**TO DO**
Exact reproduction required: the lines below from the line with "w j * f i * wI" to the line with "(i \<noteq> j \<longrightarrow>", both ends included, and no others.

Data extracted from a collection:
--- --- ---

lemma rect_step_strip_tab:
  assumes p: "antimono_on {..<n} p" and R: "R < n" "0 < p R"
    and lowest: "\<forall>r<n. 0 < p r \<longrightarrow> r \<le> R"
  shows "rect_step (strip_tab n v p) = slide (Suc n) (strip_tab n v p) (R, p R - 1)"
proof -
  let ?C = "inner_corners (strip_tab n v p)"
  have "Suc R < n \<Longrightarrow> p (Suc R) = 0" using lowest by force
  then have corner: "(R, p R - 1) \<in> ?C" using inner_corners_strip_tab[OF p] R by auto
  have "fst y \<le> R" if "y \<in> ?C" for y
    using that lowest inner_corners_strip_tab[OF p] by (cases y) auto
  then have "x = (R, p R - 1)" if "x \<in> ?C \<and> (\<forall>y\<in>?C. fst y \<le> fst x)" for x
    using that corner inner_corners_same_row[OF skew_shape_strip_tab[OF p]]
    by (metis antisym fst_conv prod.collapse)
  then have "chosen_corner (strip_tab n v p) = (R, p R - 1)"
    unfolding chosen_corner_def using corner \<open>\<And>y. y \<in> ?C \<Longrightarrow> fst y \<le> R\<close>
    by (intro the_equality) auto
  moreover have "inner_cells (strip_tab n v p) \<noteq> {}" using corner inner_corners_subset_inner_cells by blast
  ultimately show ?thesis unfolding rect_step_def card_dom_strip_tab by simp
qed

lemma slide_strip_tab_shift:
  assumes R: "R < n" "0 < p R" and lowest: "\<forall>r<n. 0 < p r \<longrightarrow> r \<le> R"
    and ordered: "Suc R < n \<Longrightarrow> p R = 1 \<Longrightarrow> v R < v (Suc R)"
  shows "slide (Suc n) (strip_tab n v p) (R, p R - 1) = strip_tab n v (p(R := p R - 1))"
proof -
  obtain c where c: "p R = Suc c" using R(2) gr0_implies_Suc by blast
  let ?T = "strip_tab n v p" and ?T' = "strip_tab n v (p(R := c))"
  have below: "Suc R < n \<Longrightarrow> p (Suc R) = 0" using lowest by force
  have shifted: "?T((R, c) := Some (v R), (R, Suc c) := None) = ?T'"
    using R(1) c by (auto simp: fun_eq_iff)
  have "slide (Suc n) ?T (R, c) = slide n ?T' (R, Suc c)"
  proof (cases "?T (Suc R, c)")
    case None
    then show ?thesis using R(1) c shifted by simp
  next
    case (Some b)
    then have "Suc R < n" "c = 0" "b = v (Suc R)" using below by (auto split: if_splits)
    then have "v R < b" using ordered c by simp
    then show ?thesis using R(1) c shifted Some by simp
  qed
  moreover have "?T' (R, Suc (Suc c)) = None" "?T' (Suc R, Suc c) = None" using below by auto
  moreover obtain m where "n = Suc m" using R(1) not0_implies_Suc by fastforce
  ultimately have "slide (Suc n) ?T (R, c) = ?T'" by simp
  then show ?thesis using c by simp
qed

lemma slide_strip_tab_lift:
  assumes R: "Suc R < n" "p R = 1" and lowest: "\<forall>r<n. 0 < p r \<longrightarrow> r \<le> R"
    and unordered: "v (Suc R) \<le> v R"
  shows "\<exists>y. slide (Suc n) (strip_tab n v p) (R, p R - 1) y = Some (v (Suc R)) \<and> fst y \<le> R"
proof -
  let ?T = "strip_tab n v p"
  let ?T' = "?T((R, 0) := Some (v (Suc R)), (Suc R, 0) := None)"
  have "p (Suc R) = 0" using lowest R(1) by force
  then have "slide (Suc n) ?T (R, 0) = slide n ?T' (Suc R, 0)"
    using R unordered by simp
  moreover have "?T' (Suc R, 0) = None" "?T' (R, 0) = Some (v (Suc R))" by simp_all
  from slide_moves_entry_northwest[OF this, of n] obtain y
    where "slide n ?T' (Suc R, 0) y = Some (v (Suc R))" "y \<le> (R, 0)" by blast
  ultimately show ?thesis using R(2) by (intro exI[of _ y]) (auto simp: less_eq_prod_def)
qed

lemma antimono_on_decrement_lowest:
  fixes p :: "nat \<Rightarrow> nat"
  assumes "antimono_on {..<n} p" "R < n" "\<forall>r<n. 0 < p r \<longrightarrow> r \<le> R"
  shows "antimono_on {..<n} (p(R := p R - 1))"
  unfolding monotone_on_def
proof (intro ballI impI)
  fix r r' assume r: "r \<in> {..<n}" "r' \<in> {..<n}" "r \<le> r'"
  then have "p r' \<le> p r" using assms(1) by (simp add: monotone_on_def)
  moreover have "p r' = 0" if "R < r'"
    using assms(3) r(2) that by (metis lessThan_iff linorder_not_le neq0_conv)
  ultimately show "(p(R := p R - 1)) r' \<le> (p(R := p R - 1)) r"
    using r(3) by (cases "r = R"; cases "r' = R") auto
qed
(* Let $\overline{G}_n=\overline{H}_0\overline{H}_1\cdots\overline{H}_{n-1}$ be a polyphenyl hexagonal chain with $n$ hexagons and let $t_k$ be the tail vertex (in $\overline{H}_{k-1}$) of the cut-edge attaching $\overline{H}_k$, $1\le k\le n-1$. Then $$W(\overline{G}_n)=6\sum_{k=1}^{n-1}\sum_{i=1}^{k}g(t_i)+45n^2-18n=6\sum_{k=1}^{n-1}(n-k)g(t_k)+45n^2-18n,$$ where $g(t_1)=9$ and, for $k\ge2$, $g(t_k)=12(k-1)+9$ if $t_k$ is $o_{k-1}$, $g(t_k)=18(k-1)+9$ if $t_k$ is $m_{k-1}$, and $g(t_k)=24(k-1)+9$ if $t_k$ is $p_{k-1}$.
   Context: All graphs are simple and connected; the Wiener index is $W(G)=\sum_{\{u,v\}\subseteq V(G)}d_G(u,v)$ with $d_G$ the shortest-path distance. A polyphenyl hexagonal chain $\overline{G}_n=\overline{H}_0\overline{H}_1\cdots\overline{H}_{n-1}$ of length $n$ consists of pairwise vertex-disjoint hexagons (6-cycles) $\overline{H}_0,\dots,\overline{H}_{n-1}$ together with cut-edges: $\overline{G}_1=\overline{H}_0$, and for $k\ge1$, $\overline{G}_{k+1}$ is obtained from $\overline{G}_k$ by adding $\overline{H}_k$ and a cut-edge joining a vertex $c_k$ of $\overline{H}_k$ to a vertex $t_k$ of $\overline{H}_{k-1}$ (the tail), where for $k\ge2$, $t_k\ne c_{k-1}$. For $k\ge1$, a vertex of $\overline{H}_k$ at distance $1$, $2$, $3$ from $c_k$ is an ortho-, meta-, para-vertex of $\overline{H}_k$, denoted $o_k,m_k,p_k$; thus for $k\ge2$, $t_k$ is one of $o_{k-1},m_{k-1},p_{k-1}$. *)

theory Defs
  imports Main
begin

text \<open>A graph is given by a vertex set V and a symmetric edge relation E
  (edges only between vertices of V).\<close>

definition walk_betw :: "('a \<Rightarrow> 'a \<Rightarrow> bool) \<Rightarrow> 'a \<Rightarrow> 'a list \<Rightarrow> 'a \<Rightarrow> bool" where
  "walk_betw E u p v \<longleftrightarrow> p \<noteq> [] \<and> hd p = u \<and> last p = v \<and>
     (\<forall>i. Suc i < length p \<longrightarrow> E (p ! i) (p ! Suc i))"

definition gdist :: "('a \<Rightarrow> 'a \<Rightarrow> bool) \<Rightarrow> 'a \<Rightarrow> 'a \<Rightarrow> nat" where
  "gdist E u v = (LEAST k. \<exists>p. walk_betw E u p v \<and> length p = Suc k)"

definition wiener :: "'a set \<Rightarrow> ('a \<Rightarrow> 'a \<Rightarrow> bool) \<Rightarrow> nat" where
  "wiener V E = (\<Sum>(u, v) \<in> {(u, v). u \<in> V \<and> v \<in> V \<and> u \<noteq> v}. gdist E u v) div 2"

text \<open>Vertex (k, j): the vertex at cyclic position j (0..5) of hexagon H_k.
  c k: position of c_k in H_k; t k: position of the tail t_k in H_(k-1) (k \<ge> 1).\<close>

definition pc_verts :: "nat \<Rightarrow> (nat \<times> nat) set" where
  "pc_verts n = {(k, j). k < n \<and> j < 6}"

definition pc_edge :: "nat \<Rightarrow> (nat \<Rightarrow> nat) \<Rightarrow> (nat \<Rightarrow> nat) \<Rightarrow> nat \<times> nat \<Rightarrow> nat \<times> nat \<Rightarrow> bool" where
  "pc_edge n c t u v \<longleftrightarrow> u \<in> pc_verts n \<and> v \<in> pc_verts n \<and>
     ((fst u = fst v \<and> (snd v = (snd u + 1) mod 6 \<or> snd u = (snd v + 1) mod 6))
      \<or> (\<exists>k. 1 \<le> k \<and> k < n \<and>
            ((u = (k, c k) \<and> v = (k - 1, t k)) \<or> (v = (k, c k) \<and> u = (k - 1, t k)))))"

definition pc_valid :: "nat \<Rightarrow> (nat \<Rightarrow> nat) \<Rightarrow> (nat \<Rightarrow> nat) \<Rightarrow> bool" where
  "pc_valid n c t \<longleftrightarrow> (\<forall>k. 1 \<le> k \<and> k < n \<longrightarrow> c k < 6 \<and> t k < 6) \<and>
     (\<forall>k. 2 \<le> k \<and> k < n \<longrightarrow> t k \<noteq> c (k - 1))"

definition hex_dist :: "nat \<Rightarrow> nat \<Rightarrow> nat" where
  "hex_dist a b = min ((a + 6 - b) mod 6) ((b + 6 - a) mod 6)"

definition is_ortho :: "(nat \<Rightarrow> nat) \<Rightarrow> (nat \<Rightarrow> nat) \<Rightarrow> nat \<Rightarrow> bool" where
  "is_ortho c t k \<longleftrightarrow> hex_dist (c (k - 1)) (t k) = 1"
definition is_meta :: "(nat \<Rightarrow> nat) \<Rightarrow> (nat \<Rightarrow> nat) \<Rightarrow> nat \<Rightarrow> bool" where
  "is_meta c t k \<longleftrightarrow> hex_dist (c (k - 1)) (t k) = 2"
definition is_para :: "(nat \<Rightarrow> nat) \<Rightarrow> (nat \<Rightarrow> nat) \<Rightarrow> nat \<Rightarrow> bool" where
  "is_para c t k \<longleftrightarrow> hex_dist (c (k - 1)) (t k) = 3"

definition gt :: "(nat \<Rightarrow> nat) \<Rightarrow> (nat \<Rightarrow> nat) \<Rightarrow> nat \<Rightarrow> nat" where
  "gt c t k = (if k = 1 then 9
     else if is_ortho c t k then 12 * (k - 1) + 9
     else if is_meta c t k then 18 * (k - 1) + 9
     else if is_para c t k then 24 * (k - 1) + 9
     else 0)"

--- --- ---

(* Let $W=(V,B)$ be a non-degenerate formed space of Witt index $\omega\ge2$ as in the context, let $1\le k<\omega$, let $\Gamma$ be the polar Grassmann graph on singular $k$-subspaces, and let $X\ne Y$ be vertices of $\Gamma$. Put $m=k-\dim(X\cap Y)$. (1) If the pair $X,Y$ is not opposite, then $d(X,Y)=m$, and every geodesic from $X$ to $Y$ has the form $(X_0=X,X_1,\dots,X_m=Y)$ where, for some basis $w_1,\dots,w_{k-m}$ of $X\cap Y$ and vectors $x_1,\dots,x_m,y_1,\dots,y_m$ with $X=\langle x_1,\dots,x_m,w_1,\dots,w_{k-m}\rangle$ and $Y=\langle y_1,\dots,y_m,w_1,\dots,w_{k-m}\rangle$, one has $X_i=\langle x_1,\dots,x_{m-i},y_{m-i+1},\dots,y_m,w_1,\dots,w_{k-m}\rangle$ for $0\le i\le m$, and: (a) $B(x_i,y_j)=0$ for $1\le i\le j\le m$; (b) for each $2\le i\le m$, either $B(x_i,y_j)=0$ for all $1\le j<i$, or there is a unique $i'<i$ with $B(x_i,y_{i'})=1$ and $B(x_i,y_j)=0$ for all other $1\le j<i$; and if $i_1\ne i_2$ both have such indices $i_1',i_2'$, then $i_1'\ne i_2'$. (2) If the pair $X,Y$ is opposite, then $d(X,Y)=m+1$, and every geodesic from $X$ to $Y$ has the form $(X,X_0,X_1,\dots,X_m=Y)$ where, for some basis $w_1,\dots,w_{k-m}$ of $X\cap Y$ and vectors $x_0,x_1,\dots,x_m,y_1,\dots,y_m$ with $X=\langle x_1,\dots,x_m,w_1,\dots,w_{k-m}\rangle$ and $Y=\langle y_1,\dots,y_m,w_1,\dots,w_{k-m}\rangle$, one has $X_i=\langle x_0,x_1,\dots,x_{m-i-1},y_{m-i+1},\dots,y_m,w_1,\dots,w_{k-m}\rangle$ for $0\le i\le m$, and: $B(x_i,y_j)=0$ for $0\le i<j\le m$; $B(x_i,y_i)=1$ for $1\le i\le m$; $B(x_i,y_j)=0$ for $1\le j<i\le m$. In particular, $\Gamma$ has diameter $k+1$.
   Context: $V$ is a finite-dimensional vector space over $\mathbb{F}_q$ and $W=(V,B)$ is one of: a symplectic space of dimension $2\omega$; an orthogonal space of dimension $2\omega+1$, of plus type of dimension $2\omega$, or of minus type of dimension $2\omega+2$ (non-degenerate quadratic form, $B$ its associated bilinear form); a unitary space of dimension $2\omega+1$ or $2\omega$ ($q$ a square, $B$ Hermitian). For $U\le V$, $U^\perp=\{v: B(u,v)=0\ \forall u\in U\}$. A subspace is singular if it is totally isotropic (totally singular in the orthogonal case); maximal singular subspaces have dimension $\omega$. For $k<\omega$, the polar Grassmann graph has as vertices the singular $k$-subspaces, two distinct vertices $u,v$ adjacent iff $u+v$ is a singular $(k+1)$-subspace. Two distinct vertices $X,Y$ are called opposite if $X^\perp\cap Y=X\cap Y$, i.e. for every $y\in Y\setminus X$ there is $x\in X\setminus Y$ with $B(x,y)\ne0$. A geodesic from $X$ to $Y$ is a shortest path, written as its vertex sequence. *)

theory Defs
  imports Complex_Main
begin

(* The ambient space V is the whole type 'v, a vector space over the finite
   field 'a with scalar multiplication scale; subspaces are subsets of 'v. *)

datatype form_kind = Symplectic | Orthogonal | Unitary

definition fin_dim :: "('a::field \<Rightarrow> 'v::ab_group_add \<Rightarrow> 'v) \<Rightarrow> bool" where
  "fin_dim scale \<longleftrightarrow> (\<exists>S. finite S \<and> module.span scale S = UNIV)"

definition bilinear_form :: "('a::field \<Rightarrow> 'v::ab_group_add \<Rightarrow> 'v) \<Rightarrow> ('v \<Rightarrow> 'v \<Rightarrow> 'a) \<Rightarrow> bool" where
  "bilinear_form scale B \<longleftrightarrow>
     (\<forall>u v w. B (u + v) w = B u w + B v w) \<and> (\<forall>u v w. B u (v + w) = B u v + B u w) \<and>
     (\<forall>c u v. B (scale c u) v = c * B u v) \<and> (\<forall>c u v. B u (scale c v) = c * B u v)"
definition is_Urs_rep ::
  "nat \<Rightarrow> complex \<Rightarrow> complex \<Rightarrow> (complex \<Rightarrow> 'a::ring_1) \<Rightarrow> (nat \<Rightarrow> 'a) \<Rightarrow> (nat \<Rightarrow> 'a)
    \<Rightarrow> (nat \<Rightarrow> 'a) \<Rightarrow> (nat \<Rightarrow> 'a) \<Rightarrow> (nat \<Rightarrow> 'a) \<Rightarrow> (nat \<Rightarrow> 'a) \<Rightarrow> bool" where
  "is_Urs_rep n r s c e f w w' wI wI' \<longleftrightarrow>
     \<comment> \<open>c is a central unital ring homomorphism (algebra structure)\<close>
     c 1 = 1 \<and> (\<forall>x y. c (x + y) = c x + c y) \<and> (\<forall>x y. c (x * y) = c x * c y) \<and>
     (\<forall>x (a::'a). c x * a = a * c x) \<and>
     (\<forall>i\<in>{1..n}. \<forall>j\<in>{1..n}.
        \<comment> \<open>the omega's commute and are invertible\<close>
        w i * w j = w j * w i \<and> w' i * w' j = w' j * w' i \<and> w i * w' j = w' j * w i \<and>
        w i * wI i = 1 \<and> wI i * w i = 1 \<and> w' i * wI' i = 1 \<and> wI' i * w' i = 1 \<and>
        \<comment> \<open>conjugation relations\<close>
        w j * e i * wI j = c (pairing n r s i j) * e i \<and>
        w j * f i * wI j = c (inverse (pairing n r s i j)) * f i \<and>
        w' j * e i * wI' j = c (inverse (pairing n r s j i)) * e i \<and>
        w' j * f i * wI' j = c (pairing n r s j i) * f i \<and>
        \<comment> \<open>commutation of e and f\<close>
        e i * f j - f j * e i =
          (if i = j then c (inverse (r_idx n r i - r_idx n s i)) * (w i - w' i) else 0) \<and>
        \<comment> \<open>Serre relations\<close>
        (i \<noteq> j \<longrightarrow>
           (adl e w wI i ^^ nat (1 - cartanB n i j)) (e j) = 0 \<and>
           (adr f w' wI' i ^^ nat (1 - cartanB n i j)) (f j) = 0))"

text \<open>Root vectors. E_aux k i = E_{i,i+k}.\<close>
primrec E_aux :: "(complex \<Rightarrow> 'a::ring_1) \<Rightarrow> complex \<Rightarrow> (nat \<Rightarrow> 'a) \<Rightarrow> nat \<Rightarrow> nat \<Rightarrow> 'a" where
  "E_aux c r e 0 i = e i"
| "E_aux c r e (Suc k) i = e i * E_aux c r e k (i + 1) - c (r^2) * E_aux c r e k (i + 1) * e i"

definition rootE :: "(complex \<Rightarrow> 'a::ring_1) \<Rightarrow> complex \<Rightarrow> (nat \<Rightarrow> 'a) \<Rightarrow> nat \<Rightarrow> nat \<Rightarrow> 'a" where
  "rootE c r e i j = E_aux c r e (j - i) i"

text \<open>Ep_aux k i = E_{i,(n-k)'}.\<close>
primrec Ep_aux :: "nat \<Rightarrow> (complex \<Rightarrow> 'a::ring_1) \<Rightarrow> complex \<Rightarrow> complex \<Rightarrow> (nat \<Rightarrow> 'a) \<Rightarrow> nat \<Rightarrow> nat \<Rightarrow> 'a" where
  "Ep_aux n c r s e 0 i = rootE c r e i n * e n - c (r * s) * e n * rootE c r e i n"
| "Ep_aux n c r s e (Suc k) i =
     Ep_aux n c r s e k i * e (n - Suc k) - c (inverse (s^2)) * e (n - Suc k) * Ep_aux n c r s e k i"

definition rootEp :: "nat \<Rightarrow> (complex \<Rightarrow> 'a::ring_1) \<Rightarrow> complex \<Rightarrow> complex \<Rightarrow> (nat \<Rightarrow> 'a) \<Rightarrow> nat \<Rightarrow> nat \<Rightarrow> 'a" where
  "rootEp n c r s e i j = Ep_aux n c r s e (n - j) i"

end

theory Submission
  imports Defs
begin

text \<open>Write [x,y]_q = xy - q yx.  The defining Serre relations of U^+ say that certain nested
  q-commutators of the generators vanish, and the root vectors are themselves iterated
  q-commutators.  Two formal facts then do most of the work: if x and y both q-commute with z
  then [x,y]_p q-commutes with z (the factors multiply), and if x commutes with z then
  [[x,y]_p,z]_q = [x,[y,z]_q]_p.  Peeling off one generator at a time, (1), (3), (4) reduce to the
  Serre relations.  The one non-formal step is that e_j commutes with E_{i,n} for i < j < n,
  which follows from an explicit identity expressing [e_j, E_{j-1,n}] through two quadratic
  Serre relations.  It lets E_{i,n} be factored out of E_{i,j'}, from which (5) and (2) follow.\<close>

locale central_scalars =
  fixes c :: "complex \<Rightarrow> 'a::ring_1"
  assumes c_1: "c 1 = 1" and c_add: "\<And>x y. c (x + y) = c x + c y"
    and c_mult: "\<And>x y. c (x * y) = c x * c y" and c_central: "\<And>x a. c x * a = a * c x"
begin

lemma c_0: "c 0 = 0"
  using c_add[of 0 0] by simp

--- --- ---

**TASK OUTPUT**
        w j * f i * wI j = c (inverse (pairing n r s i j)) * f i \<and>
        w' j * e i * wI' j = c (inverse (pairing n r s j i)) * e i \<and>
        w' j * f i * wI' j = c (pairing n r s j i) * f i \<and>
        \<comment> \<open>commutation of e and f\<close>
        e i * f j - f j * e i =
          (if i = j then c (inverse (r_idx n r i - r_idx n s i)) * (w i - w' i) else 0) \<and>
        \<comment> \<open>Serre relations\<close>
        (i \<noteq> j \<longrightarrow>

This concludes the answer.